• HOW TO COMPLETE THIS TASK:
Write out each record below, word for word.

Stored items:
------------------------------------------------------------

lemma shifts_in_cylinder_if_tendsto_shift_dist:
  assumes "(\<lambda>n. shift_dist (shift_pow (s n) x) (shift_pow (s n) x')) \<longlonglongrightarrow> 0"
  shows "\<exists>n. shift_pow (s n) x' \<in> cylinder K (shift_pow (s n) x)"
proof -
  have "eventually (\<lambda>n. shift_dist (shift_pow (s n) x) (shift_pow (s n) x') < 2 powr (- real K)) sequentially"
    using order_tendstoD(2)[OF assms] by simp
  then show ?thesis
    unfolding eventually_sequentially by (blast intro: in_cylinder_if_shift_dist_less)
qed

lemma eq_if_asymptotic_in_cylinder_separated_fibre:
  assumes X: "shift ` X = X" and equivariant: "\<forall>x\<in>X. \<phi> (shift x) = shift (\<phi> x)"
    and sep: "\<And>y. cylinder_separated K {x\<in>X. \<phi> x = y}"
    and in_fibre: "x \<in> X" "x' \<in> X" "\<phi> x = \<phi> x'"
    and asymptotic: "(\<lambda>n. shift_dist (shift_pow (s n) x) (shift_pow (s n) x')) \<longlonglongrightarrow> 0"
  shows "x = x'"
proof -
  obtain m where "shift_pow m x' \<in> cylinder K (shift_pow m x)"
    using shifts_in_cylinder_if_tendsto_shift_dist[OF asymptotic] by blast
  moreover have "shift_pow m x \<in> {u\<in>X. \<phi> u = \<phi> (shift_pow m x)}"
    and "shift_pow m x' \<in> {u\<in>X. \<phi> u = \<phi> (shift_pow m x)}"
    using shift_pow_equivariant[OF X equivariant] in_fibre by auto
  ultimately have "shift_pow m x' = shift_pow m x"
    using sep unfolding cylinder_separated_def by blast
  then show ?thesis
    using inj_shift_pow by (metis injD)
qed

------------------------------------------------------------

• ANSWER SPACE:
lemma shifts_in_cylinder_if_tendsto_shift_dist:
  assumes "(\<lambda>n. shift_dist (shift_pow (s n) x) (shift_pow (s n) x')) \<longlonglongrightarrow> 0"
  shows "\<exists>n. shift_pow (s n) x' \<in> cylinder K (shift_pow (s n) x)"
proof -
  have "eventually (\<lambda>n. shift_dist (shift_pow (s n) x) (shift_pow (s n) x') < 2 powr (- real K)) sequentially"
    using order_tendstoD(2)[OF assms] by simp
  then show ?thesis
    unfolding eventually_sequentially by (blast intro: in_cylinder_if_shift_dist_less)
qed

lemma eq_if_asymptotic_in_cylinder_separated_fibre:
  assumes X: "shift ` X = X" and equivariant: "\<forall>x\<in>X. \<phi> (shift x) = shift (\<phi> x)"
    and sep: "\<And>y. cylinder_separated K {x\<in>X. \<phi> x = y}"
    and in_fibre: "x \<in> X" "x' \<in> X" "\<phi> x = \<phi> x'"
    and asymptotic: "(\<lambda>n. shift_dist (shift_pow (s n) x) (shift_pow (s n) x')) \<longlonglongrightarrow> 0"
  shows "x = x'"
proof -
  obtain m where "shift_pow m x' \<in> cylinder K (shift_pow m x)"
    using shifts_in_cylinder_if_tendsto_shift_dist[OF asymptotic] by blast
  moreover have "shift_pow m x \<in> {u\<in>X. \<phi> u = \<phi> (shift_pow m x)}"
    and "shift_pow m x' \<in> {u\<in>X. \<phi> u = \<phi> (shift_pow m x)}"
    using shift_pow_equivariant[OF X equivariant] in_fibre by auto
  ultimately have "shift_pow m x' = shift_pow m x"
    using sep unfolding cylinder_separated_def by blast
  then show ?thesis
    using inj_shift_pow by (metis injD)
qed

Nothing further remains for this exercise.